● RECORDS FOR THIS EXERCISE:
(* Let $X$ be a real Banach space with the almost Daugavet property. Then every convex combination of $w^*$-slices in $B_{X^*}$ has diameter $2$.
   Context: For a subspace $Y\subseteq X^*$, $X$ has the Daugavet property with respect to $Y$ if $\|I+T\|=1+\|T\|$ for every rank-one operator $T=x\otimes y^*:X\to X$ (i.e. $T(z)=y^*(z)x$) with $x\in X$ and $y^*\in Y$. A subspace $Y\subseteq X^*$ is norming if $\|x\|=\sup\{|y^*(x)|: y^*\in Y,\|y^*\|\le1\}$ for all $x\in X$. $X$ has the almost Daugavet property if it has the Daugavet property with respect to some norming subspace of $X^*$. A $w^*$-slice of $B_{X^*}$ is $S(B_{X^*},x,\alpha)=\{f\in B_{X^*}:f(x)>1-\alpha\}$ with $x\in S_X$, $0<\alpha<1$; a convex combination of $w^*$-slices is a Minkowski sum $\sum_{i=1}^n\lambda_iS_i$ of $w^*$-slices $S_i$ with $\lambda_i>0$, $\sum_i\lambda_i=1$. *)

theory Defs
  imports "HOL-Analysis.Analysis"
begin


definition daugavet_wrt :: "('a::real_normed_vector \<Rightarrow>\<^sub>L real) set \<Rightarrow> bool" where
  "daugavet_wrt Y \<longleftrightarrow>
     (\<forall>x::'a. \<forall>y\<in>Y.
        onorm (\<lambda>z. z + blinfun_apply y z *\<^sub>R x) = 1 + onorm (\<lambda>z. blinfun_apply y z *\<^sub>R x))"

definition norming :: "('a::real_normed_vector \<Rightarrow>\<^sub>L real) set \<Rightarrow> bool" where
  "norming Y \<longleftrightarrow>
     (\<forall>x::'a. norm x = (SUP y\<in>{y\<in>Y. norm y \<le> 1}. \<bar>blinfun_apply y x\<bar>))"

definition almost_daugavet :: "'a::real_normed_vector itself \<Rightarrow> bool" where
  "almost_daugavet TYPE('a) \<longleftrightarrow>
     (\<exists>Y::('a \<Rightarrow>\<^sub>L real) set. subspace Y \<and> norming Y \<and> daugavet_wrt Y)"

---

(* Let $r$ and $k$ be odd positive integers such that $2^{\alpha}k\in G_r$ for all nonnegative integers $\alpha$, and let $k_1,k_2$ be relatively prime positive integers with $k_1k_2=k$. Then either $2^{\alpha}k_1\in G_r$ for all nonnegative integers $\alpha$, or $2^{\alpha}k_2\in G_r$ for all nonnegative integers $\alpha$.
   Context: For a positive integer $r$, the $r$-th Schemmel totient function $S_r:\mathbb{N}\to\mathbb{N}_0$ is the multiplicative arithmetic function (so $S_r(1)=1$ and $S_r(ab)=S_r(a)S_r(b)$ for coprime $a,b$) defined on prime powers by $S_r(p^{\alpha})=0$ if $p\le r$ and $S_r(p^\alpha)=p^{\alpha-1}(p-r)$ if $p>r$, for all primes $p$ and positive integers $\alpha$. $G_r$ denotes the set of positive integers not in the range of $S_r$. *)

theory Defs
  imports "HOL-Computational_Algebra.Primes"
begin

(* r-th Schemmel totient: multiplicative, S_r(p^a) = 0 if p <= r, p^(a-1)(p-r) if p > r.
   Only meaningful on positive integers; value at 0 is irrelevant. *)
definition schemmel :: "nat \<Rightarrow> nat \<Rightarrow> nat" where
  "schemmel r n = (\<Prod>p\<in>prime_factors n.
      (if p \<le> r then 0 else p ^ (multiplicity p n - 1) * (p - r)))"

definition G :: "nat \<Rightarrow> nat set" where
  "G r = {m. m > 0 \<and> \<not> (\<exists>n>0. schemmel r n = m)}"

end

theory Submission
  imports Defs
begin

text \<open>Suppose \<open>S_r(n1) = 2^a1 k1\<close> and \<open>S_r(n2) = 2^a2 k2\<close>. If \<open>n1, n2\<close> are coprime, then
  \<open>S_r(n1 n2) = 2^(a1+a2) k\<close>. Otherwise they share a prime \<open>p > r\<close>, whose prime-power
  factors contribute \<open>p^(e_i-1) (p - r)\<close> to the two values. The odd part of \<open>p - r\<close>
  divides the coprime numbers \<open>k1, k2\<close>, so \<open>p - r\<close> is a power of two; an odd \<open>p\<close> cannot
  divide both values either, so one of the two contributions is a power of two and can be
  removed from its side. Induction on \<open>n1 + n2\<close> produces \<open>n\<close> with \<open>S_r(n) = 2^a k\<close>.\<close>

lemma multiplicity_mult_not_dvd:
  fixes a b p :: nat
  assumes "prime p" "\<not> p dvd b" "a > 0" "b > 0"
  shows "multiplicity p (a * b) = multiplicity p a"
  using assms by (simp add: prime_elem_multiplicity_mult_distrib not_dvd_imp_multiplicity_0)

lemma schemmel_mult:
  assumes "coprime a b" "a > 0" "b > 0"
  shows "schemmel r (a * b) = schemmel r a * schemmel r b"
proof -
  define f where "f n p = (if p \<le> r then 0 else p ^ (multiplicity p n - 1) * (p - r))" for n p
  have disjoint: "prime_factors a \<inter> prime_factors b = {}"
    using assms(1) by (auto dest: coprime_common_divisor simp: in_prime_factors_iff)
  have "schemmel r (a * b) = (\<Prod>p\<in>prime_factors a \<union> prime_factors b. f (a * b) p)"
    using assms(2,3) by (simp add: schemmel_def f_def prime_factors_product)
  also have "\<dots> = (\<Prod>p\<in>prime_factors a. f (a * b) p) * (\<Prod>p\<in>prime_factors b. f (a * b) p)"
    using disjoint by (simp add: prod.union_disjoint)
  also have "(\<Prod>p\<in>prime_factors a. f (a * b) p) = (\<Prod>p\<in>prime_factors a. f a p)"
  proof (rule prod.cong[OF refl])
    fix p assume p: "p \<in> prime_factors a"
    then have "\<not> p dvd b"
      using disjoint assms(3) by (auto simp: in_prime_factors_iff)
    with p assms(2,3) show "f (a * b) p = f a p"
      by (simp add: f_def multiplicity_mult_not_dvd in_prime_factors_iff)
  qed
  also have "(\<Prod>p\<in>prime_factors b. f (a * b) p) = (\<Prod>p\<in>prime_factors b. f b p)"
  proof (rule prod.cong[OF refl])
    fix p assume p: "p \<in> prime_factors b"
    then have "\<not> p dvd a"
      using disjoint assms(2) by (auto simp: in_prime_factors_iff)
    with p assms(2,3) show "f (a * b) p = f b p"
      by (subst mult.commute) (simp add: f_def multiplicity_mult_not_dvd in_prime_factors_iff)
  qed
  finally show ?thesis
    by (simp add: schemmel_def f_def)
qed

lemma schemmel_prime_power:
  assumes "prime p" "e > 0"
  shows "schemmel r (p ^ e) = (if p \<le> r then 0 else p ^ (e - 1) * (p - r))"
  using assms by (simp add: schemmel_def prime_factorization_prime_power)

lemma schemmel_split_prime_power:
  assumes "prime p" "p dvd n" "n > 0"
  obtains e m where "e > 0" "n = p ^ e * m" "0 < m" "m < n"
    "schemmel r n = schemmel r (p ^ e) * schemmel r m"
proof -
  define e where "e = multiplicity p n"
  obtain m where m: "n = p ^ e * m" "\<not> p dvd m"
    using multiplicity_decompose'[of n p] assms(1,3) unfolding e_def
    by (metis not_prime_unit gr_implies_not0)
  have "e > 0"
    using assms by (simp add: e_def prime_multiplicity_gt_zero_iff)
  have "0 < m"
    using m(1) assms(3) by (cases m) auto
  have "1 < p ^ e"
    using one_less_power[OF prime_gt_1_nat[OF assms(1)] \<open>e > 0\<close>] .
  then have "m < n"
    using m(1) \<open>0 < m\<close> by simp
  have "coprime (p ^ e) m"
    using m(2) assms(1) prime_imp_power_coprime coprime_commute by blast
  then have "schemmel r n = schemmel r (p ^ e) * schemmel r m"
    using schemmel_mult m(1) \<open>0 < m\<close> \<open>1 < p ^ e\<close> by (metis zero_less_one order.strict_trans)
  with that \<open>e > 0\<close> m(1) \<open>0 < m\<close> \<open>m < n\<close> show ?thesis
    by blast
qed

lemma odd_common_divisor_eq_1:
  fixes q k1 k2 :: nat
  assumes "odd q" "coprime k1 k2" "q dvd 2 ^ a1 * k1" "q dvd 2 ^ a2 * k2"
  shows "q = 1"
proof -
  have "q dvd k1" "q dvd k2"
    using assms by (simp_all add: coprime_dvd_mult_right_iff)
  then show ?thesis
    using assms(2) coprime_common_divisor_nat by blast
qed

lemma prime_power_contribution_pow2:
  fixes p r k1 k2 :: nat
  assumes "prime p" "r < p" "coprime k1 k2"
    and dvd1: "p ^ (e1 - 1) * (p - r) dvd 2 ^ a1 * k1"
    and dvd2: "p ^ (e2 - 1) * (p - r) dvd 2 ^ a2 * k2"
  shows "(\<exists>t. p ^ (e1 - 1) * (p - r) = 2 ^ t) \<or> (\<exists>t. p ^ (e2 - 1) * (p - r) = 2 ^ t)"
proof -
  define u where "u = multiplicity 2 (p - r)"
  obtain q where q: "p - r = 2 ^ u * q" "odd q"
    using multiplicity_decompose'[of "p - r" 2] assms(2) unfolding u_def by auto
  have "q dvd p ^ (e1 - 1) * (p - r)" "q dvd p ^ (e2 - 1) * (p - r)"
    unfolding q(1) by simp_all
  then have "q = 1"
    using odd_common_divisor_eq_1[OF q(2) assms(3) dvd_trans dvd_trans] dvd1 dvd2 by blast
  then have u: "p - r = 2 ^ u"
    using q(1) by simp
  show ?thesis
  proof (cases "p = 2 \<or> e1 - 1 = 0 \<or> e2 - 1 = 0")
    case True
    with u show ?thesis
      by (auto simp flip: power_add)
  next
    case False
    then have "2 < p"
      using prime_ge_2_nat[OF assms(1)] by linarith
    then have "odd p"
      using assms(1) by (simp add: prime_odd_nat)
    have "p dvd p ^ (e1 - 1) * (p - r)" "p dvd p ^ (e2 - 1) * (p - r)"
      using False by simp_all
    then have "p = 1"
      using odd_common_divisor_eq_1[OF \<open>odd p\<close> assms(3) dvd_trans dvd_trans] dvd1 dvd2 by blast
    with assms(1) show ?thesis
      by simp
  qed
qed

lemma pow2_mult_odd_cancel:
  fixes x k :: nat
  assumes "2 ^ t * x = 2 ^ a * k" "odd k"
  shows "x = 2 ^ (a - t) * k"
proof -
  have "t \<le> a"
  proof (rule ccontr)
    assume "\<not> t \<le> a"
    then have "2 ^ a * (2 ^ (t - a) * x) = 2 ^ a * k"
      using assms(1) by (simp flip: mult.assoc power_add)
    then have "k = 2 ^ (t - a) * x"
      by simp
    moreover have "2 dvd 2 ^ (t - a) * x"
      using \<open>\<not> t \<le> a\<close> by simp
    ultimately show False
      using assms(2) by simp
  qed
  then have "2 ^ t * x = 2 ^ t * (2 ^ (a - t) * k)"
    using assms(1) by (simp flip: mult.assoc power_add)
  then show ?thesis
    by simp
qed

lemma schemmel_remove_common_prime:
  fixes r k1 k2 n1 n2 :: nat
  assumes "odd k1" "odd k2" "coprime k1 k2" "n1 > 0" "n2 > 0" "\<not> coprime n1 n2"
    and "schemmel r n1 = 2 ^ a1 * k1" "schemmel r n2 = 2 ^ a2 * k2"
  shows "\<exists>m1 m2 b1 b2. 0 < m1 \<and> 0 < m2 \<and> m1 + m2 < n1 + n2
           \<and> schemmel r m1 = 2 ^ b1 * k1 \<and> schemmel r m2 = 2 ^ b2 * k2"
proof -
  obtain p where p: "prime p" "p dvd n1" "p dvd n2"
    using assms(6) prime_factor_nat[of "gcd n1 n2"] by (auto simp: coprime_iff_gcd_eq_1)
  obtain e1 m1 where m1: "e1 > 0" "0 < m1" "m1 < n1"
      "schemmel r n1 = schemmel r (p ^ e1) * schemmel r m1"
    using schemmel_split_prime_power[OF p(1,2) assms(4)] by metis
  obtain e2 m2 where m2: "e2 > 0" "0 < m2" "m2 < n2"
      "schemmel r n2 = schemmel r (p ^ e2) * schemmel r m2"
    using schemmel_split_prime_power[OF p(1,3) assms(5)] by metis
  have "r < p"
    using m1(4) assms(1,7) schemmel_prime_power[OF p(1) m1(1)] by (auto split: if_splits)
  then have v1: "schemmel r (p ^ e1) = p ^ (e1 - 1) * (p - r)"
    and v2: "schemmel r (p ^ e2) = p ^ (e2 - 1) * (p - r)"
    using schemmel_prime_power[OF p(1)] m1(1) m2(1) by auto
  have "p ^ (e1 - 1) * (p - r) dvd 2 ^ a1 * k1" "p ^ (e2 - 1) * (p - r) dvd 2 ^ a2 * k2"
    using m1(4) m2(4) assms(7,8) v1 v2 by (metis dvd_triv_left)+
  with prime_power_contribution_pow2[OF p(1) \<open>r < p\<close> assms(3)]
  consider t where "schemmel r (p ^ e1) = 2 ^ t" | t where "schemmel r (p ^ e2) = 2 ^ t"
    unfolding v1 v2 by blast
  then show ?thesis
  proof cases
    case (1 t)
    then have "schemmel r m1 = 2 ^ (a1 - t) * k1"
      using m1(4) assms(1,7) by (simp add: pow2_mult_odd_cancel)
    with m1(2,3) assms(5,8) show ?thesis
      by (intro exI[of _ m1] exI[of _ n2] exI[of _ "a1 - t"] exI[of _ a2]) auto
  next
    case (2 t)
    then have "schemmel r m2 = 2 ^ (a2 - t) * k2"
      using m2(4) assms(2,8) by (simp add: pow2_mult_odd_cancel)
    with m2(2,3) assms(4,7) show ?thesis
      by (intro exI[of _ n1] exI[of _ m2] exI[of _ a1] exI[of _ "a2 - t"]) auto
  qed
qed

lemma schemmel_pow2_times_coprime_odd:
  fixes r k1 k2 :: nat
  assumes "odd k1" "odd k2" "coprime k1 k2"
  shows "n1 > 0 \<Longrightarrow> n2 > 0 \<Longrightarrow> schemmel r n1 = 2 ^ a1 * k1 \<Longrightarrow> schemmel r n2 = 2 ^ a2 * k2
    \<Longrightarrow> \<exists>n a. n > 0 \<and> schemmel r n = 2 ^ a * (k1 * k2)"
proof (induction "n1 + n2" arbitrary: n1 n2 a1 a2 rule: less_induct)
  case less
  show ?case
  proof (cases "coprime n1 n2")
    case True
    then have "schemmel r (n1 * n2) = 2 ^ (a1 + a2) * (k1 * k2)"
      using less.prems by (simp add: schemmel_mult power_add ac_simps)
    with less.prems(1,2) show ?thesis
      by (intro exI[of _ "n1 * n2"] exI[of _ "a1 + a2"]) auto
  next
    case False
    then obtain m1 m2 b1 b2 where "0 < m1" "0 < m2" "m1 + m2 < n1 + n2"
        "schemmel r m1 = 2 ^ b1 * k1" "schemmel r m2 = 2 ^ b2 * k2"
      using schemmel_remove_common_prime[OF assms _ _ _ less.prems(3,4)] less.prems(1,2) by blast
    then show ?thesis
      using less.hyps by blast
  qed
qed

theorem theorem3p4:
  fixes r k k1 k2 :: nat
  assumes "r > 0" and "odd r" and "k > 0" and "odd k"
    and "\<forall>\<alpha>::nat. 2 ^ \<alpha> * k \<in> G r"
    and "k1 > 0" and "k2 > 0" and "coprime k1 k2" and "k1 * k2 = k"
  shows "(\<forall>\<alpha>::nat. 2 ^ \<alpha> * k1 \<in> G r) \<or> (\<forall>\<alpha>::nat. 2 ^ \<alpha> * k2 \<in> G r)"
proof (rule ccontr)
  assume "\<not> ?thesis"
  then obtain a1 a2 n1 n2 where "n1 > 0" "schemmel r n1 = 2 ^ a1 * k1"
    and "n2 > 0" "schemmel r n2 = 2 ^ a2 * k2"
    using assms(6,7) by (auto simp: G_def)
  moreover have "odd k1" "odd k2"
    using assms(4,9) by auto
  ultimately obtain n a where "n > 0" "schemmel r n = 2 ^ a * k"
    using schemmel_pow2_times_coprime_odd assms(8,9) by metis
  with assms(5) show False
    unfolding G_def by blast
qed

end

==

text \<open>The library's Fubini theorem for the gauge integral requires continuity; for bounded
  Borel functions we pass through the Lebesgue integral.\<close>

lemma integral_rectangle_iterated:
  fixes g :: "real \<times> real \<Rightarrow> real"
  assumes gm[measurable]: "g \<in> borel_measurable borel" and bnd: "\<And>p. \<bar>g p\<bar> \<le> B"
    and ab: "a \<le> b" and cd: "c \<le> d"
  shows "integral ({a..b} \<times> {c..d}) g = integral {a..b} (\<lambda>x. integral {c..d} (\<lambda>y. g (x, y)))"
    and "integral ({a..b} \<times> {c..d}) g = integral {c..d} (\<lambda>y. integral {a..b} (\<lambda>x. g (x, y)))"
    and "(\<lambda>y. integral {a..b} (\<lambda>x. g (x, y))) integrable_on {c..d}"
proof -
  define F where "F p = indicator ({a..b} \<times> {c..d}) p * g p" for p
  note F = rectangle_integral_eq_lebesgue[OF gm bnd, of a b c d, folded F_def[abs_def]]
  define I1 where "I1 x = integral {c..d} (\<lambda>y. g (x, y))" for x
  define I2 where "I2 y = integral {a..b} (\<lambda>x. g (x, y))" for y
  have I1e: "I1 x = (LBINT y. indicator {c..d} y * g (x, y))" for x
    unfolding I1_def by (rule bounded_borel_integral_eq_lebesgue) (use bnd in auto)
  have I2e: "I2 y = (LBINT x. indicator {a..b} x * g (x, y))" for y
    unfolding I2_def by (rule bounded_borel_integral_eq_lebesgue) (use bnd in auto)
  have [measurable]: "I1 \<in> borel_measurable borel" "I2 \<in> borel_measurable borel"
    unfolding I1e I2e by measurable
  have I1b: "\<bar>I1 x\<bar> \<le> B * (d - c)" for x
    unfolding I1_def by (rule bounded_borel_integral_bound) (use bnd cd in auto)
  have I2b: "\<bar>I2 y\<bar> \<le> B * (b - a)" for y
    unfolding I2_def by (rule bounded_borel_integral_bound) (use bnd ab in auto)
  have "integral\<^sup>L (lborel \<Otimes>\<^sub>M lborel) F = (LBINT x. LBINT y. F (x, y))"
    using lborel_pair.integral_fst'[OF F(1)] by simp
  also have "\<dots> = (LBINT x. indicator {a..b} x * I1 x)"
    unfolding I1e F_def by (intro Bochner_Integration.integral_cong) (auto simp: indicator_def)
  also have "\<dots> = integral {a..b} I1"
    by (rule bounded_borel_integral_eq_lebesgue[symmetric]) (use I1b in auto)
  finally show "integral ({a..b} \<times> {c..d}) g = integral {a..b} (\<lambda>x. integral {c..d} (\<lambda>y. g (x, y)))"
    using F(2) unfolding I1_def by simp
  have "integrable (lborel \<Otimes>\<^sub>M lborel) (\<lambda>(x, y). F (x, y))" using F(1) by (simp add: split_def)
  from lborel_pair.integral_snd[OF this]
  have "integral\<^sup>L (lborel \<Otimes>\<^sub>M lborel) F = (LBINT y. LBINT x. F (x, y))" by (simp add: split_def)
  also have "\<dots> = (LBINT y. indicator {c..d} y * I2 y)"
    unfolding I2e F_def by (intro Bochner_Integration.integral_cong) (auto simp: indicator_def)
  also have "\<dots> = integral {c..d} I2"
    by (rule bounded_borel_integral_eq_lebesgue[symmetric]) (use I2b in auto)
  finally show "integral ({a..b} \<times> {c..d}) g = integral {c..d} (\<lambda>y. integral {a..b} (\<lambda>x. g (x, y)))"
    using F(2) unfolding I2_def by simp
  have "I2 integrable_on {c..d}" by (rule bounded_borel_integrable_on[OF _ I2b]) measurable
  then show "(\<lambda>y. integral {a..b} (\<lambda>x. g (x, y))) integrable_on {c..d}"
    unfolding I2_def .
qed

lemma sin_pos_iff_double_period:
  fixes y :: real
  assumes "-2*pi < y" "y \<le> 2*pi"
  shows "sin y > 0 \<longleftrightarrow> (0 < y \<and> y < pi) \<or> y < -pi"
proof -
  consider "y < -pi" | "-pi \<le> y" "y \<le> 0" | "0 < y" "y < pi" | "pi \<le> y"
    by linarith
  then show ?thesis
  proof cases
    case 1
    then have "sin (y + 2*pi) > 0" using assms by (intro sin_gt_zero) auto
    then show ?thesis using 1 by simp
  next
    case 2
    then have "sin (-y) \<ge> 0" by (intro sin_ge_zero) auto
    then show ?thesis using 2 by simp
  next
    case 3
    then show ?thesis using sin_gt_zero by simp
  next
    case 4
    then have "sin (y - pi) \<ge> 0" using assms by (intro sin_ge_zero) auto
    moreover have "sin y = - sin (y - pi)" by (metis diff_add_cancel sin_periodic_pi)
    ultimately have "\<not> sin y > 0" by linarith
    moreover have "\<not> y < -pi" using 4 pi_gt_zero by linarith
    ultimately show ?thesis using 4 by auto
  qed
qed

● DIRECTIONS FOR THIS TASK: In how many lines of the data does the string "consider" appear? Only the number should be given.

● EXERCISE RESPONSE: 2